Make sure all required files are in the working directory:

As in previous labs, we'll try simulate "real-life" coding, by using the tags below to indicate when to use RStudio's or






Data analysis reports

A "data analysis report" is a document that includes text, graphs, equations, and code. Data analysts tend to write a lot of reports, describing their analyses and results for their collaborators, or to document their work for future reference.

Many new users begin by first writing a single R script containing all of their work, and then share the analysis by emailing the script and various graphs as attachments. But this can be cumbersome, requiring a lengthy discussion to explain which attachment was which result.

Writing formal reports with MS Word or LaTeX can simplify this process by incorporating both the analysis report and output graphs into a single document. But tweaking formatting to make figures look correct and fixing obnoxious page breaks can be tedious and lead to a lengthy “whack-a-mole” game of fixing new mistakes resulting from a single formatting change.

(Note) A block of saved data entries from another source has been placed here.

(* Let $h,k\in L^1(0,1)$ be equal a.e. on $[0,\delta]$ for some $\delta\in(0,1)$, and suppose there are real constants $c,\mu,\nu,r$ with $c>0$, $r>-1$ such that $ct^re^{\mu t}\le h(t)\le ct^re^{\nu t}$ for $t\in[0,1]$. Then for every $p\in[1,\infty]$, $V_k^n\sim V_h^n$ on $L^p(0,1)$ as $n\to\infty$, i.e. $\|V_k^n-V_h^n\|_p/\|V_h^n\|_p\to0$.
   Context: For $k\in L^1(0,1)$, $V_k$ is the Volterra convolution operator on $L^p(0,1)$, $(V_ku)(t)=\int_0^tk(t-s)u(s)\,ds$; $\|\cdot\|_p$ is the operator norm on $L^p(0,1)$. For operator sequences, $A_n\sim B_n$ means $\|A_n-B_n\|/\|A_n\|\to0$. (The paper writes the hypothesis as $r>1$, evidently intending $r>-1$.) *)

theory Defs
  imports "HOL-Analysis.Analysis" "HOL-Probability.Essential_Supremum"
begin

definition Lp_norm :: "ereal \<Rightarrow> (real \<Rightarrow> real) \<Rightarrow> real" where
  "Lp_norm p u =
     (if p = \<infinity> then real_of_ereal (esssup (lebesgue_on {0..1}) (\<lambda>x. ereal \<bar>u x\<bar>))
      else (enn2real (\<integral>\<^sup>+ x. ennreal (\<bar>u x\<bar> powr real_of_ereal p) \<partial>lebesgue_on {0..1}))
             powr (1 / real_of_ereal p))"

definition in_Lp :: "ereal \<Rightarrow> (real \<Rightarrow> real) \<Rightarrow> bool" where
  "in_Lp p u \<longleftrightarrow> u \<in> borel_measurable (lebesgue_on {0..1}) \<and>
     (if p = \<infinity> then esssup (lebesgue_on {0..1}) (\<lambda>x. ereal \<bar>u x\<bar>) < \<infinity>
      else (\<integral>\<^sup>+ x. ennreal (\<bar>u x\<bar> powr real_of_ereal p) \<partial>lebesgue_on {0..1}) < \<infinity>)"

definition Volterra :: "(real \<Rightarrow> real) \<Rightarrow> (real \<Rightarrow> real) \<Rightarrow> (real \<Rightarrow> real)" where
  "Volterra k u = (\<lambda>t. LINT s:{0..t}|lebesgue. k (t - s) * u s)"

definition op_norm :: "ereal \<Rightarrow> ((real \<Rightarrow> real) \<Rightarrow> (real \<Rightarrow> real)) \<Rightarrow> real" where
  "op_norm p T = Sup ((\<lambda>u. Lp_norm p (T u)) ` {u. in_Lp p u \<and> Lp_norm p u \<le> 1})"

end

theory Submission
  imports Defs "HOL-Real_Asymp.Real_Asymp"
begin

text \<open>
  Replace \<open>h\<close> and \<open>k\<close> by Borel kernels \<open>hb\<close> and \<open>kb\<close> supported in (0, 1] and compare
  the operators through convolutions of nonnegative functions on the real line. With H = hb and
  G = |kb - hb|, which vanishes on [0, \<delta>], the difference |V_k^n u - V_h^n u| is majorized by the
  terms of the binomial expansion of (H + G)^(*n) * |u| that contain a factor G. A term with j
  factors G vanishes on [0, 1] once j \<delta> > 1, and in the remaining terms the power H^(*(n - j)) is
  only evaluated on [0, 1 - \<delta>]. As H^(*m) is comparable to c^m A(m - 1) t^(m q - 1), with q = r + 1
  and A(m) a product of Beta values, these terms are O(n^j c^(n - j) A(n - j - 1) (1 - \<delta>)^((n - j) q))
  on the unit ball of L^1, which contains that of L^p, whereas testing V_h^n on the constant 1 gives
  the lower bound const c^n A(n - 1) / n^2 for its norm. Finally A(n - 1) / A(n - j - 1) is at least
  (\<theta>^(n q) \<kappa>)^j for every \<theta> < 1, and the choice \<theta>^(2 j) = 1 - \<delta> leaves a factor
  (1 - \<delta>)^(n q / 2), which beats every power of n.
\<close>

section \<open>Integrals of powers and the Beta function\<close>

lemma nn_integral_Beta:
  assumes "a > -1" "b > -1"
  shows "(\<integral>\<^sup>+x. ennreal (indicator {0..1} x * (x powr a * (1 - x) powr b)) \<partial>lborel)
    = ennreal (Beta (a + 1) (b + 1))"
proof -
  have "((\<lambda>t. t powr (a + 1 - 1) * (1 - t) powr (b + 1 - 1)) has_integral Beta (a + 1) (b + 1)) {0..1}"
    using assms by (intro has_integral_Beta_real) auto
  then show ?thesis
    by (subst nn_integral_has_integral_lebesgue) auto
qed

lemma nn_integral_powr_interval:
  fixes a T :: real
  assumes "a > -1" "0 \<le> T"
  shows "(\<integral>\<^sup>+x. ennreal (indicator {0..T} x * x powr a) \<partial>lborel) = ennreal (T powr (a + 1) / (a + 1))"
proof -
  have "((\<lambda>x. x powr a) has_integral (T powr (a + 1) / (a + 1))) {0..T}"
    by (rule has_integral_powr_from_0) (use assms in auto)
  then show ?thesis
    by (subst nn_integral_has_integral_lebesgue) auto
qed

lemma nn_integral_reflect:
  fixes f :: "real \<Rightarrow> ennreal"
  assumes [measurable]: "f \<in> borel_measurable borel"
  shows "(\<integral>\<^sup>+s. f (t - s) \<partial>lborel) = (\<integral>\<^sup>+x. f x \<partial>lborel)"
  using nn_integral_real_affine[of f "-1" t] by simp

lemma nn_integral_shift:
  fixes f :: "real \<Rightarrow> ennreal"
  assumes [measurable]: "f \<in> borel_measurable borel"
  shows "(\<integral>\<^sup>+s. f (s - t) \<partial>lborel) = (\<integral>\<^sup>+x. f x \<partial>lborel)"
  using nn_integral_real_affine[of f 1 "- t"] by simp

lemma nn_integral_reflect_powr:
  fixes a t :: real
  assumes "-1 < a" "0 \<le> t"
  shows "(\<integral>\<^sup>+s. ennreal (indicator {0..t} s * (t - s) powr a) \<partial>lborel) = ennreal (t powr (a + 1) / (a + 1))"
proof -
  have "(\<integral>\<^sup>+s. ennreal (indicator {0..t} s * (t - s) powr a) \<partial>lborel)
      = (\<integral>\<^sup>+s. ennreal (indicator {0..t} (t - s) * (t - s) powr a) \<partial>lborel)"
    by (intro nn_integral_cong) (auto simp: indicator_def)
  also have "\<dots> = (\<integral>\<^sup>+x. ennreal (indicator {0..t} x * x powr a) \<partial>lborel)"
    by (rule nn_integral_reflect[of "\<lambda>x. ennreal (indicator {0..t} x * x powr a)"]) measurable
  finally show ?thesis
    using nn_integral_powr_interval[OF assms] by simp
qed

lemma Beta_real_pos:
  fixes a b :: real
  assumes "0 < a" "0 < b"
  shows "0 < Beta a b"
  using assms by (simp add: Beta_def Gamma_real_pos_exp[of a] Gamma_real_pos_exp[of b] Gamma_real_pos_exp[of "a + b"])

lemma nn_integral_Beta_scaled:
  assumes a: "a > -1" and b: "b > -1" and y: "0 < y"
  shows "(\<integral>\<^sup>+s. ennreal (indicator {0..y} s * ((y - s) powr b * s powr a)) \<partial>lborel)
    = ennreal (y powr (a + b + 1) * Beta (a + 1) (b + 1))"
proof -
  let ?F = "\<lambda>s. ennreal (indicator {0..y} s * ((y - s) powr b * s powr a))"
  have pt: "?F (y * x) = ennreal (y powr (a + b)) * ennreal (indicator {0..1} x * (x powr a * (1 - x) powr b))" for x
  proof (cases "x \<in> {0..1}")
    case x: True
    have yx: "y - y * x = y * (1 - x)" by (simp add: algebra_simps)
    have "(y - y * x) powr b * (y * x) powr a = y powr (a + b) * (x powr a * (1 - x) powr b)"
      unfolding yx using x y by (simp add: powr_mult powr_add)
    moreover have "y * x \<in> {0..y}" using x y by (auto simp: mult_le_cancel_left1)
    ultimately show ?thesis using x y by (simp add: ennreal_mult'[symmetric] mult_ac)
  next
    case False
    then have "y * x \<notin> {0..y}" using y by (auto simp: zero_le_mult_iff mult_le_cancel_left1)
    then show ?thesis using False by simp
  qed
  have "(\<integral>\<^sup>+s. ?F s \<partial>lborel) = ennreal y * (\<integral>\<^sup>+x. ?F (y * x) \<partial>lborel)"
    using nn_integral_real_affine[of ?F y 0] y by simp
  also have "\<dots> = ennreal y * (\<integral>\<^sup>+x. ennreal (y powr (a + b)) *
      ennreal (indicator {0..1} x * (x powr a * (1 - x) powr b)) \<partial>lborel)"
    by (simp only: pt)
  also have "\<dots> = ennreal y * (ennreal (y powr (a + b)) * ennreal (Beta (a + 1) (b + 1)))"
    by (subst nn_integral_cmult) (auto simp: nn_integral_Beta a b)
  also have "\<dots> = ennreal (y powr (a + b + 1) * Beta (a + 1) (b + 1))"
    using y Beta_real_pos[of "a + 1" "b + 1"] a b by (simp add: ennreal_mult[symmetric] powr_add mult_ac)
  finally show ?thesis .
qed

Creating a web page (as an html file) using RMarkdown makes things easier. The report can be one long stream, so tall figures that wouldn’t ordinarily fit on one page can be kept at full size and easier to read, since the reader can simply keep scrolling. Additionally, the formatting of and RMarkdown document is simple and easy to modify, allowing you to spend more time on your analyses instead of writing reports.

LaTex

Computer programmer Leslie Lamport created LaTeX in the 1980's as a typesetting language that - in stark contrast to the WYSIWYG fussing of MS Word - separates the design and layout of documents from the writing itself. This separation of content and presentation design philosophy allows you to write stuff quickly without any care as to how it looks until the end. LaTeX is popular among physicists and statisticians, in part because LaTeX documents are ideal for version control (e.g. via Git), but also because LaTeX does an excellent job rendering equations relatively quickly. So well in fact that Word now accepts LaTeX notation in its equation editor, and it is available in R-Markdown as well to typeset equations within the text body. Check out this LaTeX cheat sheet for some useful commands and syntax.

Rmarkdown and Knitr

Analysis reports made with Rmarkdown/Knitr are reproducible documents: If an error is discovered, or if some additional subjects are added to the data, you can just re-compile the report and get the new or corrected results rather than having to reconstruct figures, paste them into a Word document, and hand-edit various detailed results.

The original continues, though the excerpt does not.